Stored data
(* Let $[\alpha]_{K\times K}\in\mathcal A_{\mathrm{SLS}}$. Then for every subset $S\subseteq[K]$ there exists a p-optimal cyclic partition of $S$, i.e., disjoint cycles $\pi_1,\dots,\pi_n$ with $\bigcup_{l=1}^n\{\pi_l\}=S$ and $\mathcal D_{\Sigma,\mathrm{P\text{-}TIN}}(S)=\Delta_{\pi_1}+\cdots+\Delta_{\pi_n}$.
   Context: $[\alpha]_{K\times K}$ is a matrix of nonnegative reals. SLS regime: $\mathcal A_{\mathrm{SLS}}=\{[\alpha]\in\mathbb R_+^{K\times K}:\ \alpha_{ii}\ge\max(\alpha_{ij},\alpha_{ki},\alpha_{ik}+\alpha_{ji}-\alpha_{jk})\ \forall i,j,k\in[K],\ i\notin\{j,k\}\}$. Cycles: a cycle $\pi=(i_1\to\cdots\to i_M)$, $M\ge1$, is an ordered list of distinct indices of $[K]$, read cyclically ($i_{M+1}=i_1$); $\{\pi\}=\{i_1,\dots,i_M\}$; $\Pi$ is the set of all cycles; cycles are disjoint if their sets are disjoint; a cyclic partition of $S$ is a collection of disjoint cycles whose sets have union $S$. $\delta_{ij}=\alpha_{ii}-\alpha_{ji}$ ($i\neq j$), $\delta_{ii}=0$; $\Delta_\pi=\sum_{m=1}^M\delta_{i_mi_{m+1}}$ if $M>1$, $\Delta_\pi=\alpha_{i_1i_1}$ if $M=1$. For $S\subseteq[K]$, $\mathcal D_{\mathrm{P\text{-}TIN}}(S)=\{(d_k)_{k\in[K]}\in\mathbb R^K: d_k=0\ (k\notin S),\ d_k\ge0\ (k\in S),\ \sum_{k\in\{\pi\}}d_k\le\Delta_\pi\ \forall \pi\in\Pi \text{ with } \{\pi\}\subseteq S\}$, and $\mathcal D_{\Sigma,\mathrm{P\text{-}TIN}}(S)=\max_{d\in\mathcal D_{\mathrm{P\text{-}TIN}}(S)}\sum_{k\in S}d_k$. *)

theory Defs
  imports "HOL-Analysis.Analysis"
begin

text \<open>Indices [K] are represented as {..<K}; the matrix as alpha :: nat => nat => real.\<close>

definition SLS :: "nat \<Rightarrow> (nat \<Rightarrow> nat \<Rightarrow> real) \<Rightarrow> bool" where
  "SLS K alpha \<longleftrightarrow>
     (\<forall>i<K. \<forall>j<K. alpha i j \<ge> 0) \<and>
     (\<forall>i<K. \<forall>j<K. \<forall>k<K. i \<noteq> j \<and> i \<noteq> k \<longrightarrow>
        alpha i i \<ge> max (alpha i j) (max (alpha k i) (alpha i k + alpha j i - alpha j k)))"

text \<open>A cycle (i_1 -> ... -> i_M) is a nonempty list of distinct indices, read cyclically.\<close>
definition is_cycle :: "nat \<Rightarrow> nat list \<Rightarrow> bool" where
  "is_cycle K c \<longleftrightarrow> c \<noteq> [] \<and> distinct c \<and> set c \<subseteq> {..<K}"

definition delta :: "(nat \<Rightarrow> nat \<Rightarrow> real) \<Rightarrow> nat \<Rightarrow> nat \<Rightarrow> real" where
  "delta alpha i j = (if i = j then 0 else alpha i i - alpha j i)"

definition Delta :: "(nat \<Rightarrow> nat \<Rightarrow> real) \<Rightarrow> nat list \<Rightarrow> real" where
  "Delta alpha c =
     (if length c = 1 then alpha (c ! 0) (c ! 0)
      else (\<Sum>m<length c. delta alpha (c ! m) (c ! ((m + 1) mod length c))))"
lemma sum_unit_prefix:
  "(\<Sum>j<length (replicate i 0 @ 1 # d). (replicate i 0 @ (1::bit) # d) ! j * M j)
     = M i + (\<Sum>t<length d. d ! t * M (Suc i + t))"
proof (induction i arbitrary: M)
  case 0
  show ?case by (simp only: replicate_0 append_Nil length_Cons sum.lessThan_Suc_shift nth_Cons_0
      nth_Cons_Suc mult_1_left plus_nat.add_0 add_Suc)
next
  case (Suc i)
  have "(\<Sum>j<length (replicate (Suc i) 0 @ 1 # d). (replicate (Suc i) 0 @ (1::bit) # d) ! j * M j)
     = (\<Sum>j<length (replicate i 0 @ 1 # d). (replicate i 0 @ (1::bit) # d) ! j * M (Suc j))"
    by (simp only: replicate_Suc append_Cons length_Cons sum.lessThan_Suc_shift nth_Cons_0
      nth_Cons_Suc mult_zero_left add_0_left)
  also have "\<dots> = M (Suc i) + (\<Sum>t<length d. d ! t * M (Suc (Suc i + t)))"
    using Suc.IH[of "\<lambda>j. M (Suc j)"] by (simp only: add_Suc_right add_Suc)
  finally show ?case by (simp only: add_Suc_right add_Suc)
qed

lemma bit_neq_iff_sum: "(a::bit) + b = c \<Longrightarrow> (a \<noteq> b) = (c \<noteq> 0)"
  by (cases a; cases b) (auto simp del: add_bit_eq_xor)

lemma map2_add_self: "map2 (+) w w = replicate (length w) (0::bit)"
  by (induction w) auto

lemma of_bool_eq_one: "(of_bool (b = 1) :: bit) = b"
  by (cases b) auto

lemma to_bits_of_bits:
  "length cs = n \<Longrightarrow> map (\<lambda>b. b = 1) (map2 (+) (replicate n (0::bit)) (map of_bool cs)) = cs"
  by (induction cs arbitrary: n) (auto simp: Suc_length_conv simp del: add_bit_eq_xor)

**TASK TO COMPLETE**. Look over the entries above. Copy every line that contains the word "arbitrary".

**TASK RESULT**.
proof (induction i arbitrary: M)
  by (induction cs arbitrary: n) (auto simp: Suc_length_conv simp del: add_bit_eq_xor)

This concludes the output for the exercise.